> PROBLEM TO SOLVE:
In the entries that follow, the line with "tau_e = grad W Fe ** transpose Fe;" opens the range and the line with "Sigma_r))\<^sup>2 \<ge> 0" closes it; repeat that range exactly, both lines included.
-- Opening Marker --
lemma concave_mono_on_supergradient:
  fixes \<psi> :: "real \<Rightarrow> real"
  assumes concave: "concave_on {0..} \<psi>" and mono: "mono_on {0..} \<psi>" and "\<epsilon> > 0"
  shows "\<exists>c\<ge>0. \<forall>t\<ge>0. \<psi> t \<le> \<psi> \<epsilon> + c * (t - \<epsilon>)"
proof -
  have convex: "convex_on {0..} (\<lambda>x. - \<psi> x)"
    using concave by (simp add: concave_on_def)
  have slopes: "(\<psi> t - \<psi> \<epsilon>) / (t - \<epsilon>) \<le> (\<psi> \<epsilon> - \<psi> s) / (\<epsilon> - s)"
    if "0 \<le> s" "s < \<epsilon>" "\<epsilon> < t" for s t
    using convex_on_slope_le[OF convex, of s t \<epsilon>] that
    by (simp add: field_simps)
  define c where "c = (INF s\<in>{0..<\<epsilon>}. (\<psi> \<epsilon> - \<psi> s) / (\<epsilon> - s))"
  have c_ge_right: "(\<psi> t - \<psi> \<epsilon>) / (t - \<epsilon>) \<le> c" if "\<epsilon> < t" for t
    unfolding c_def using \<open>\<epsilon> > 0\<close> slopes that by (intro cINF_greatest) auto
  have c_le_left: "c \<le> (\<psi> \<epsilon> - \<psi> s) / (\<epsilon> - s)" if "0 \<le> s" "s < \<epsilon>" for s
    unfolding c_def using that c_ge_right[of "\<epsilon> + 1"] slopes[of _ "\<epsilon> + 1"]
    by (intro cINF_lower bdd_belowI2[where m = "\<psi> (\<epsilon> + 1) - \<psi> \<epsilon>"]) auto
  have "\<psi> \<epsilon> \<le> \<psi> (\<epsilon> + 1)"
    using mono \<open>\<epsilon> > 0\<close> by (auto intro: mono_onD)
  then have "c \<ge> 0"
    using c_ge_right[of "\<epsilon> + 1"] by simp
  moreover have "\<psi> t \<le> \<psi> \<epsilon> + c * (t - \<epsilon>)" if "t \<ge> 0" for t
  proof (cases t \<epsilon> rule: linorder_cases)
    case less
    then show ?thesis
      using c_le_left[OF that less] by (simp add: le_divide_eq algebra_simps)
  next
    case greater
    then show ?thesis
      using c_ge_right[OF greater] by (simp add: divide_le_eq algebra_simps)
  qed simp
  ultimately show ?thesis by blast
qed
theorem mainTheorem8:
  fixes W :: "mat3 \<Rightarrow> real" and \<Psi> :: "real \<times> real \<times> real \<Rightarrow> real"
    and F Fp Up :: mat3
  assumes Psi_C1: "C1_on posoct \<Psi>"
    and W_Psi: "\<And>Fe. det Fe > 0 \<Longrightarrow>
          W Fe = \<Psi> (I1 (transpose Fe ** Fe), I2 (transpose Fe ** Fe), I3 (transpose Fe ** Fe))"
    and W_obj_iso: "\<And>X Q R. det X > 0 \<Longrightarrow> Q \<in> SO3 \<Longrightarrow> R \<in> SO3 \<Longrightarrow> W (Q ** X ** R) = W X"
    and F_pos: "det F > 0" and Fp_pos: "det Fp > 0"
    and Up_sym: "transpose Up = Up"
    and Up_posdef: "\<And>x::real^3. x \<noteq> 0 \<Longrightarrow> x \<bullet> (Up *v x) > 0"
    and Up_sq: "Up ** Up = transpose Fp ** Fp"
  shows
   "let C = transpose F ** F; Cp = transpose Fp ** Fp; Fe = F ** matrix_inv Fp;
        Rp = Fp ** matrix_inv Up;
        Sigma_e = transpose Fe ** grad W Fe;
        tau_e = grad W Fe ** transpose Fe;
        Sigma_t = 2 *\<^sub>R (C ** grad (Wtilde \<Psi>) (C ** matrix_inv Cp) ** matrix_inv Cp);
        Sigma_r = 2 *\<^sub>R (matrix_inv Up ** sym (C ** grad (Wtilde \<Psi>) (C ** matrix_inv Cp))
                          ** matrix_inv Up)
    in Sigma_r = transpose Rp ** Sigma_e ** Rp
     \<and> Sigma_r = matrix_inv Up ** Sigma_t ** Up
     \<and> Sigma_t = Up ** Sigma_r ** matrix_inv Up
     \<and> norm (dev3 Sigma_r) = norm (dev3 Sigma_e)
     \<and> trace (dev3 Sigma_t ** dev3 Sigma_t) = (norm (dev3 (matrix_inv Up ** Sigma_t ** Up)))\<^sup>2
     \<and> (norm (dev3 (matrix_inv Up ** Sigma_t ** Up)))\<^sup>2 = (norm (dev3 Sigma_r))\<^sup>2
     \<and> (norm (dev3 Sigma_r))\<^sup>2 \<ge> 0
     \<and> sqrt (trace (dev3 Sigma_t ** dev3 Sigma_t)) = norm (dev3 Sigma_e)
     \<and> norm (dev3 Sigma_e) = norm (dev3 tau_e)"
proof -
  obtain D' where D: "\<forall>x\<in>posoct. (\<Psi> has_derivative blinfun_apply (D' x)) (at x)"
    using Psi_C1 unfolding C1_on_def by blast
  have W: "\<And>Fe. det Fe > 0 \<Longrightarrow> W Fe = Wtilde \<Psi> (transpose Fe ** Fe)"
    using W_Psi by (simp add: Wtilde_def I1_def I2_def I3_def)
  have dFp: "det Fp \<noteq> 0" and dUp: "det Up \<noteq> 0"
    using Fp_pos posdef_det_nonzero[OF Up_posdef] by auto
  define Fe where "Fe = F ** matrix_inv Fp"
  define Ce where "Ce = transpose Fe ** Fe"
  define G where "G = inv3_grad (blinfun_apply (D' (inv3 Ce))) Ce"
  have representation: "grad W Fe = 2 *\<^sub>R (Fe ** G)"
    "transpose F ** F ** grad (Wtilde \<Psi>) (transpose F ** F ** matrix_inv (transpose Fp ** Fp))
     = transpose Fp ** (Ce ** G) ** Fp"
    "transpose G = G" "transpose (Ce ** G) = Ce ** G"
    using isotropic_stress_representation[OF D W F_pos Fp_pos]
    unfolding G_def Ce_def Fe_def by simp_all
  define Rp where "Rp = Fp ** matrix_inv Up"
  define Se where "Se = transpose Fe ** grad W Fe"
  define St where "St = 2 *\<^sub>R (transpose F ** F ** grad (Wtilde \<Psi>)
      (transpose F ** F ** matrix_inv (transpose Fp ** Fp)) ** matrix_inv (transpose Fp ** Fp))"
  define Sr where "Sr = 2 *\<^sub>R (matrix_inv Up ** sym (transpose F ** F ** grad (Wtilde \<Psi>)
      (transpose F ** F ** matrix_inv (transpose Fp ** Fp))) ** matrix_inv Up)"
  have Se_eq: "Se = 2 *\<^sub>R (Ce ** G)"
    unfolding Se_def representation(1) Ce_def by (simp add: matrix_scaleR_assoc matrix_mul_assoc)
  have relations: "transpose Rp ** Rp = mat 1" "Sr = transpose Rp ** Se ** Rp"
    "Sr = matrix_inv Up ** St ** Up" "St = Up ** Sr ** matrix_inv Up"
    using intermediate_stress_relations[OF dFp Up_sym dUp Up_sq representation(4)]
    unfolding St_def Sr_def Rp_def Se_eq representation(2) by blast+
  \<comment> \<open>Deviatoric norms: Sigma_e and tau_e are the symmetric products Fe^T DW, DW Fe^T.\<close>
  have "transpose Se = Se" "transpose (grad W Fe ** transpose Fe) = grad W Fe ** transpose Fe"
    using representation(3,4) unfolding Se_eq representation(1)
    by (simp_all add: transpose_scalar matrix_transpose_mul matrix_mul_assoc matrix_scaleR_assoc)
  note norms = deviatoric_norms_transfer[OF relations(1) this(1) relations(2) dUp relations(4)]
    norm_dev3_commute[of "transpose Fe" "grad W Fe", folded Se_def, OF this]
  have "sqrt (trace (dev3 St ** dev3 St)) = norm (dev3 Se)" using norms(1,2) by simp
  then show ?thesis unfolding Let_def Fe_def[symmetric] Rp_def[symmetric] Se_def[symmetric]
      St_def[symmetric] Sr_def[symmetric] relations(3)[symmetric]
    by (intro conjI relations(2,4) norms refl zero_le_power2)
qed

end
-- Closing Marker --
> ANSWER TO THIS EXERCISE:
        tau_e = grad W Fe ** transpose Fe;
        Sigma_t = 2 *\<^sub>R (C ** grad (Wtilde \<Psi>) (C ** matrix_inv Cp) ** matrix_inv Cp);
        Sigma_r = 2 *\<^sub>R (matrix_inv Up ** sym (C ** grad (Wtilde \<Psi>) (C ** matrix_inv Cp))
                          ** matrix_inv Up)
    in Sigma_r = transpose Rp ** Sigma_e ** Rp
     \<and> Sigma_r = matrix_inv Up ** Sigma_t ** Up
     \<and> Sigma_t = Up ** Sigma_r ** matrix_inv Up
     \<and> norm (dev3 Sigma_r) = norm (dev3 Sigma_e)
     \<and> trace (dev3 Sigma_t ** dev3 Sigma_t) = (norm (dev3 (matrix_inv Up ** Sigma_t ** Up)))\<^sup>2
     \<and> (norm (dev3 (matrix_inv Up ** Sigma_t ** Up)))\<^sup>2 = (norm (dev3 Sigma_r))\<^sup>2
     \<and> (norm (dev3 Sigma_r))\<^sup>2 \<ge> 0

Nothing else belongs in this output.